Can't static array elements where the index is known at compile time be treated just like regular stack variables? GDC seems to treat them as such. D Source code below. I'd expect these two implementations to compile to the exact same ASM. In GDC, the main loops do, though the pre-loop setup stuff does compile differently for reasons I don't understand. int sum1(const int[] arr) { auto end = arr.ptr + arr.length - 3; int[4] sums; for(auto cur = arr.ptr; cur < end; cur += 4) { sums[0] += cur[0]; sums[1] += cur[1]; sums[2] += cur[2]; sums[3] += cur[3]; } return sums[0] + sums[1] + sums[2] + sums[3]; } int sum2(const int[] arr) { auto end = arr.ptr + arr.length - 3; int sum0 = 0, sum1 = 0, sum2 = 0, sum3 = 0; for(auto cur = arr.ptr; cur < end; cur += 4) { sum0 += cur[0]; sum1 += cur[1]; sum2 += cur[2]; sum3 += cur[3]; } return sum0 + sum1 + sum2 + sum3; } ASM: _D5test34sum1FxAiZi: push RBP mov RBP,RSP sub RSP,020h push RBX lea RAX,-020h[RBP] xor RCX,RCX mov [RAX],RCX mov 8[RAX],RCX mov R8,RSI mov RDX,RSI mov R9,RDI lea R9,0FFFFFFF4h[R9*4][RDX] cmp RDX,R9 jae L51 L2D: mov EBX,[R8] add -020h[RBP],EBX mov ESI,4[R8] add -01Ch[RBP],ESI mov EAX,8[R8] add -018h[RBP],EAX mov ECX,0Ch[R8] add -014h[RBP],ECX add R8,010h cmp R8,R9 jb L2D L51: mov EAX,-020h[RBP] add EAX,-01Ch[RBP] add EAX,-018h[RBP] add EAX,-014h[RBP] pop RBX mov RSP,RBP pop RBP ret nop _D5test34sum2FxAiZi: push RBP mov RBP,RSP sub RSP,010h push RBX push R12 push R13 xor R9D,R9D xor R11D,R11D xor EBX,EBX xor R12D,R12D mov R8,RSI mov RAX,RSI mov R13,RDI lea R13,0FFFFFFF4h[R13*4][RAX] cmp RAX,R13 jae L46 L2E: add R9D,[R8] add R11D,4[R8] add EBX,8[R8] add R12D,0Ch[R8] add R8,010h cmp R8,R13 jb L2E L46: lea EAX,[R11][R9] add EAX,EBX add EAX,R12D pop R13 pop R12 pop RBX mov RSP,RBP pop RBP ret
The optimizer currently does not enregister variables that don't fit into registers. It could be enhanced to do it.
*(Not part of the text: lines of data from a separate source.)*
(* Let $\phi:\mathbb{R}^{n\times n}\to\mathbb{R}$ be differentiable and $L$-gradient Lipschitz, and let $M^\star=\arg\min\phi$ satisfy $M^\star\succeq0$. Let $f(X)=\phi(XX^T)$. Then for all $X,V\in\mathbb{R}^{n\times r}$ and $\eta\ge0$ with $\lambda_{\min}(X^TX)+\eta>0$, \[ f(X+V)\le f(X)+\langle\nabla f(X),V\rangle+\frac{\ell_{X,\eta}}2\|V\|_{X,\eta}^2, \] where \[ \ell_{X,\eta}=L\left[4+\frac{2\|XX^T-M^\star\|_F+4\|V\|_{X,\eta}}{\lambda_{\min}(X^TX)+\eta}+\left(\frac{\|V\|_{X,\eta}}{\lambda_{\min}(X^TX)+\eta}\right)^2\right]. \]
   Context: $\phi$ is $L$-gradient Lipschitz if $\|\nabla\phi(M+E)-\nabla\phi(M)\|_F\le L\|E\|_F$ for all $M,E$. The local norm is $\|V\|_{X,\eta}=\|V(X^TX+\eta I)^{1/2}\|_F$. $\langle A,B\rangle=\operatorname{tr}(A^TB)$. *)

theory Defs
  imports "HOL-Analysis.Analysis"
begin

text \<open>Matrices in R^(m x k) are represented as real^'k^'m (rows indexed by 'm).
  On this type, norm is the Frobenius norm and the inner product is tr(A^T B).\<close>

definition gradient :: "('a::real_inner \<Rightarrow> real) \<Rightarrow> 'a \<Rightarrow> 'a" where
  "gradient f x = (THE g. (f has_derivative (\<lambda>v. g \<bullet> v)) (at x))"

definition psd :: "real^'n^'n \<Rightarrow> bool" where
  "psd A \<longleftrightarrow> transpose A = A \<and> (\<forall>x. 0 \<le> x \<bullet> (A *v x))"

definition lambda_min :: "real^'n^'n \<Rightarrow> real" where
  "lambda_min A = Min {l. \<exists>v. v \<noteq> 0 \<and> A *v v = l *\<^sub>R v}"

definition msqrt :: "real^'n^'n \<Rightarrow> real^'n^'n" where
  "msqrt A = (THE S. psd S \<and> S ** S = A)"

definition local_norm :: "real^'r^'n \<Rightarrow> real \<Rightarrow> real^'r^'n \<Rightarrow> real" where
  "local_norm X eta V = norm (V ** msqrt (transpose X ** X + eta *\<^sub>R mat 1))"

end

theory Submission
  imports Defs
begin

text \<open>Write M = X X^T and E = X V^T + V X^T + V V^T, so that (X + V)(X + V)^T = M + E.
  The descent lemma for phi bounds f(X + V) by f(X) + <grad phi(M), X V^T + V X^T>
  + <grad phi(M), V V^T> + L/2 ||E||^2, and the first inner product is <grad f(X), V>.
  As grad phi vanishes at the minimiser Mstar, ||grad phi(M)|| \<le> L ||M - Mstar||.
  Summing over the rows v of V, the squared local norm nv^2 equals \<Sum> (||X v||^2 + eta ||v||^2);
  hence ||X V^T|| \<le> nv and, by the Rayleigh bound for the smallest eigenvalue,
  (lambda_min(X^T X) + eta) ||V||^2 \<le> nv^2. With ||V V^T|| \<le> ||V||^2 this bounds the two remaining
  terms by L ||M - Mstar|| nv^2 / lam and L/2 (2 nv + nv^2 / lam)^2, which add up to ell/2 nv^2.
  The spectral theorem enters twice: for the Rayleigh bound, and for the existence and uniqueness of
  the positive semidefinite square root in the definition of the local norm.\<close>

section \<open>Spectral theorem for symmetric matrices\<close>

lemma symmetric_inner_matrix_vector:
  fixes A :: "real^'n^'n"
  assumes "transpose A = A"
  shows "x \<bullet> (A *v y) = (A *v x) \<bullet> y"
  by (metis assms dot_lmul_matrix transpose_matrix_vector)

lemma linear_coeff_eq_0_if_quadratic_nonneg:
  fixes a b :: real
  assumes nonneg: "\<And>t. 0 \<le> 2 * t * a + t\<^sup>2 * b"
  shows "a = 0"
proof (rule ccontr)
  assume "a \<noteq> 0"
  define c where "c = \<bar>b\<bar> + 1"
  have c: "c > 0" "b \<le> c" unfolding c_def by auto
  define t where "t = - a / c"
  have "t\<^sup>2 * b \<le> t\<^sup>2 * c" using c by (intro mult_left_mono) auto
  also have "\<dots> = a\<^sup>2 / c" unfolding t_def using c by (simp add: power2_eq_square field_simps)
  finally have "0 \<le> 2 * t * a + a\<^sup>2 / c" using nonneg[of t] by linarith
  moreover have "2 * t * a = - 2 * (a\<^sup>2 / c)" unfolding t_def using c by (simp add: power2_eq_square field_simps)
  moreover have "a\<^sup>2 / c > 0" using \<open>a \<noteq> 0\<close> c by simp
  ultimately show False by linarith
qed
(In reply to comment #1) > The optimizer currently does not enregister variables that don't fit into > registers. It could be enhanced to do it. ints definitely fit into registers.
(In reply to comment #2) > ints definitely fit into registers. sums is one variable, not 4.
(In reply to comment #0) > In GDC, the main loops do, though the pre-loop setup stuff > does compile differently for reasons I don't understand. ldc2 compiles them to the same asm (-release -profile-verifier-noassert -O5 -output-s): __D4test4sum1FxAiZi: pushl %ebx pushl %edi pushl %esi movl 16(%esp), %eax movl 20(%esp), %esi leal -12(%esi,%eax,4), %ebx xorl %ecx, %ecx xorl %edx, %edx xorl %edi, %edi xorl %eax, %eax jmp LBB0_2 .align 16, 0x90 LBB0_1: addl 12(%esi), %eax addl 8(%esi), %edi addl 4(%esi), %edx addl (%esi), %ecx addl $16, %esi LBB0_2: cmpl %ebx, %esi jb LBB0_1 addl %edi, %eax addl %edx, %eax addl %ecx, %eax popl %esi popl %edi popl %ebx ret $8 __D4test4sum2FxAiZi: pushl %ebx pushl %edi pushl %esi movl 16(%esp), %eax movl 20(%esp), %esi leal -12(%esi,%eax,4), %ebx xorl %ecx, %ecx xorl %edx, %edx xorl %edi, %edi xorl %eax, %eax jmp LBB1_2 .align 16, 0x90 LBB1_1: addl 12(%esi), %ecx addl 8(%esi), %edx addl 4(%esi), %edi addl (%esi), %eax addl $16, %esi LBB1_2: cmpl %ebx, %esi jb LBB1_1 addl %edi, %eax addl %edx, %eax addl %ecx, %eax popl %esi popl %edi popl %ebx ret $8
FWIW, after https://github.com/dlang/dmd/pull/6176 (2.073.0) the generated assembly code changed, however a simple benchmark shows that performance did not noticeably change.